A couple of weeks ago a big storm passed over and clearly it was too much for the large pear tree that had been growing in the bottom of the garden. The tree was probably almost twenty metres tall. I can’t get over the idea that we have a ‘garden’ big enough that we can drop a twenty metre tree and not notice it for two weeks.
So now I’ve got a lot of firewood sitting in the bottom of the garden like a whale in a goldfish bowl and I’ve got to work out what to do with it, and how.
Of course, I’m planning all the awesome things I can do now there’s more sun in this part of the garden, and how I could use the wood in my carpentry course or for interesting artwork, conveniently glossing over the fact that the thing must weigh a couple of tonnes and I’ve got to somehow get it up a slippery hill, after cutting it.
This is the bottom end of the Very Smallholding, after I attacked it with a scythe. If you look very, very carefully (or click on the picture for a bigger version) you can see the effects of the scything to the left hand side. When my arms can lift the scythe again I’ll try and hack a way to the base of those trees up the hill: letting all that fruit go to rot is just silly.
Because of all the trees this part of the garden is far more pleasant than the terrace on hot days, so this year I’d like to cover the cleared area so the brambles don’t get out again, so the space down here remains open and usable as a picnic area or something.
It would be even better if we could clear just a few of those brambles off the hill, and make raked seating and a small performance space, using the area I’ve already cleared as a stage.
Of course for that to happen I really need to put steps on the hill, unless I want guests to slide down it, and I should probably get myself into gear making a decent on-site privvy.
Still, it’s a nice idea.
On the top of the hill, the vegetable garden is growing : the early potatoes have taken over the middle bed and the main crop has broken through the leaf mulch.

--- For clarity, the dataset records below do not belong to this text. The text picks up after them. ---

definition outer :: "complex ^ 'm \<Rightarrow> complex ^ 'k \<Rightarrow> complex ^ 'k ^ 'm" where
  "outer a b = (\<chi> i j. a $ i * cnj (b $ j))"

lemma outer_zero [simp]: "outer 0 b = 0" "outer a 0 = 0"
  by (simp_all add: outer_def vec_eq_iff)

lemma outer_neg_neg [simp]: "outer (- a) (- b) = outer a b"
  by (simp add: outer_def vec_eq_iff)

lemma adjointM_outer [simp]: "adjointM (outer a b) = outer b a"
  by (simp add: adjointM_def vec_eq_iff outer_def mult.commute)

lemma outer_mulv: "outer a b *v x = cinner b x *s a"
  by (simp add: outer_def cinner_def matrix_vector_mult_def vec_eq_iff sum_distrib_left mult_ac)

lemma matrix_mult_outer: "A ** outer a b = outer (A *v a) b"
  by (simp add: outer_def matrix_vector_mult_def matrix_matrix_mult_def vec_eq_iff
      sum_distrib_left sum_distrib_right mult_ac)

lemma outer_matrix_mult: "outer a b ** A = outer a (adjointM A *v b)"
  by (simp add: outer_def adjointM_def matrix_vector_mult_def matrix_matrix_mult_def vec_eq_iff
      sum_distrib_left mult_ac)

lemma outer_mult_outer: "outer a b ** outer c d = outer (cinner b c *s a) d"
  by (simp add: outer_def cinner_def matrix_matrix_mult_def vec_eq_iff sum_distrib_left
      sum_distrib_right mult_ac)

lemma trace_outer [simp]: "trace (outer a b) = cinner b a"
  by (simp add: trace_def outer_def cinner_def mult.commute)

definition Jconj :: "'n::finite cvec2 \<Rightarrow> 'n cvec2" where
  "Jconj v = (\<chi> a. case a of Inl i \<Rightarrow> cnj (v $ Inr i) | Inr i \<Rightarrow> - cnj (v $ Inl i))"

lemma Jconj_zero [simp]: "Jconj 0 = 0"
  by (simp add: Jconj_def vec_eq_iff split: sum.split)

lemma Jconj_Jconj [simp]: "Jconj (Jconj x) = - x"
  by (simp add: Jconj_def vec_eq_iff split: sum.split)

lemma cinner_Jconj_Jconj: "cinner (Jconj x) (Jconj y) = cinner y x"
  by (simp add: Jconj_def cinner_def sum_UNIV_Plus sum.distrib mult.commute)

lemma cinner_Jconj_self: "cinner x (Jconj x) = 0" "cinner (Jconj x) x = 0"
  by (simp_all add: Jconj_def cinner_def sum_UNIV_Plus sum.distrib mult_ac sum_negf)

lemma sharp_add [simp]: "sharp (A + B) = sharp A + sharp B"
  by (simp add: sharp_def vec_eq_iff split: sum.split)

lemma adjointM_sharp: "adjointM (sharp X) = sharp (adjointM X)"
  by (simp add: sharp_def adjointM_def vec_eq_iff split: sum.split)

(see previous post to compare this to last month)
The pumpkins are beginning to grow. Slowly. Perhaps they need some coffee. Slug trap in the background.
On the main bed the seeds are growing well, if anonymously. (When labelling plants, use a waterproof pen). Notice highly artistic arangements of seed rows.
That’s definitely a bramble which I’m pretty sure wasn’t here yesterday. At least it’s the weekend, so I’ve lots of time to hoe the beds and work through the never ending jobs list.
Or maybe sit in the shade dreaming of Amphitheatres.
Trying to defy physics a couple of weeks ago by making support for the french beans that won’t collapse as soon as the wind blows, despite not having anything like enough poles to support it.
The supports are still standing and the garden has moved on a lot since. I really need to take some photographs.